Enhancing placebo effects in pain and itch through oxytocin

Placebo effects have been demonstrated to decrease pain and itch by means
positive suggestions. It is of high clinical relevance to find ways to maximize
placebo effects in order to obtain the best therapeutic results. Oxytocin
administration may potentially enhance the placebo effect but few studies have
been performed in this important area with conflicting evidence for pain and no
studies for itch.

The primary objective is to investigate whether exogenous oxytocin
administration enhances the placebo effect of positive suggestions as measured
by subjective pain intensity and itch ratings in response to validated pain
(Cold Pressor Test) and itch-inducing (histamine iontophoresis) tasks.
Secondary objectives are to investigate the effects of oxytocin administration
combined with specific positive verbal suggestions on:
* Pain unpleasantness ratings during the Cold Pressor Test
* Skin temperature, flare response, and wheal size in response to histamine
iontophoresis.
* Positive and negative affect
* Pain and itch expectations

A randomized placebo-controlled, study design will be used. Participants will
be randomly allocated to one of four groups: 1) oxytocin group with positive
suggestions, 2) oxytocin group without positive suggestions, 3) placebo group
with positive suggestions, 4) placebo group without positive suggestions.
Participants will perform a baseline Cold Pressor Test and their pain
sensitivity, pain sensitivity threshold, pain tolerance threshold, and
unpleasantness ratings will be measured. Subsequently, participants will be
administered oxytocin or placebo spray and participants in two groups (oxytocin
with suggestions group and placebo with suggestions group) will receive
positive verbal suggestions about analgesic and itch-relieving effects of
oxytocin. After a waiting period for the oxytocin to take effect, the second
Cold Pressor Test will be done and the same parameters will be measured. The
session will finish with transdermal histamine iontophoresis. Itch ratings,
wheal size, and skin temperature will be measured.
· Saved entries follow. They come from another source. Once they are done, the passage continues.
lemma sum_Zp_ap3_translate:
  assumes P: "periodic_mod_p P" and e: "(e - 2 * b + a) mod int p = 0"
  shows "(\<Sum>s\<in>{0..<int p}. \<Sum>t\<in>{0..<int p}. P (s + a) * P (s + (b + t)) * P (s + (e + 2 * t)))
       = (\<Sum>s\<in>{0..<int p}. \<Sum>t\<in>{0..<int p}. P s * P (s + t) * P (s + 2 * t))"
proof -
  note shift = periodic_mod_p_mult_add[OF P, where k = 1, simplified]
    periodic_mod_p_mult_add[OF P, where k = 2]
  define G where "G = (\<lambda>s. \<Sum>t\<in>{0..<int p}. P (s + a) * P (s + (b + t)) * P (s + (e + 2 * t)))"
  have "periodic_mod_p G"
    unfolding G_def periodic_mod_p_def by (intro allI) (simp only: shift add.assoc)
  then have "(\<Sum>s\<in>{0..<int p}. G s) = (\<Sum>s\<in>{0..<int p}. G (- a + s))"
    by (rule sum_Zp_translate[symmetric])
  also have "\<dots> = (\<Sum>s\<in>{0..<int p}. \<Sum>t\<in>{0..<int p}. P s * P (t + (s + (b - a))) * P (2 * t + (s + (e - a))))"
    unfolding G_def by (intro sum.cong refl) (simp add: algebra_simps)
  also have "\<dots> = (\<Sum>s\<in>{0..<int p}. \<Sum>t\<in>{0..<int p}. P s * P (s + t) * P (s + 2 * t))"
  proof (rule sum.cong[OF refl])
    fix s
    define H where "H = (\<lambda>t. P s * P (t + (s + (b - a))) * P (2 * t + (s + (e - a))))"
    have "periodic_mod_p H"
      unfolding H_def periodic_mod_p_def by (intro allI) (simp only: shift)
    then have "(\<Sum>t\<in>{0..<int p}. H t) = (\<Sum>t\<in>{0..<int p}. H (- (b - a) + t))"
      by (rule sum_Zp_translate[symmetric])
    also have "\<dots> = (\<Sum>t\<in>{0..<int p}. P s * P (s + t) * P (s + 2 * t))"
    proof (rule sum.cong[OF refl])
      fix t
      have "- (b - a) + t + (s + (b - a)) = s + t"
        by simp
      moreover have "P (2 * (- (b - a) + t) + (s + (e - a))) = P (s + 2 * t)"
        by (rule periodic_mod_p_cong[OF P]) (use e in \<open>simp add: mod_eq_dvd_iff dvd_eq_mod_eq_0[symmetric] algebra_simps\<close>)
      ultimately show "H (- (b - a) + t) = P s * P (s + t) * P (s + 2 * t)"
        unfolding H_def by (simp only:)
    qed
    finally show "(\<Sum>t\<in>{0..<int p}. P s * P (t + (s + (b - a))) * P (2 * t + (s + (e - a))))
        = (\<Sum>t\<in>{0..<int p}. P s * P (s + t) * P (s + 2 * t))"
      unfolding H_def .
  qed
  finally show ?thesis
    unfolding G_def .
qed

definition ind_Zp :: "int set \<Rightarrow> int \<Rightarrow> real" where
  "ind_Zp A t = indicator A (t mod int p)"

definition balanced :: "int set \<Rightarrow> int \<Rightarrow> real" where
  "balanced A t = real (card A) / real p - ind_Zp A t"

definition ap3_count :: "int set \<Rightarrow> real" where
  "ap3_count A = (\<Sum>s\<in>{0..<int p}. \<Sum>t\<in>{0..<int p}. ind_Zp A s * ind_Zp A (s + t) * ind_Zp A (s + 2 * t))"

definition Lambda3_Zp :: "(int \<Rightarrow> real) \<Rightarrow> real" where
  "Lambda3_Zp P = (\<Sum>s\<in>{0..<int p}. \<Sum>t\<in>{0..<int p}. P s * P (s + t) * P (s + 2 * t)) / real p ^ 2"

lemma ind_Zp_nonneg: "ind_Zp A t \<ge> 0"
  unfolding ind_Zp_def by simp

lemma ind_Zp_mod_add: "ind_Zp A (x mod int p + y) = ind_Zp A (x + y)"
  unfolding ind_Zp_def by (simp add: mod_simps)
In the oxytocin with suggestions and oxytocin without suggestions groups,
participants will receive a 24 IU dose of oxytocin via a nasal spray. In the
placebo groups, participants will receive a placebo spray. The placebo effect
will be induced by positive suggestions about analgesic and itch-relieving
properties of the spray.

Participants need to invest a total of 1,5 hours in the study. No adverse side
effects are expected in the current study.
Several studies have been conducted in humans with repeated doses up to 80 IU
of oxytocin without reporting adverse side effects. One time administration of
24 IU of oxytocin is considered to be a safe and effective dose. The Cold
Pressor Test has been used in numerous studies with a maximum immersion time of
5 minutes or more. In the current study participants may withdraw their hand
from the cold water any time they wish with the maximum immersion of 1 minutes.
The symptoms of transdermal histamine iontophoresis (local swelling, itch, and
flare) will disappear within several minutes to a maximum of 2 hours; it has
been used in numerous studies without adverse effects. All other measurements
are considered minimally invasive. Participants will receive a reimbursement of
12,50 euros for participation in this study.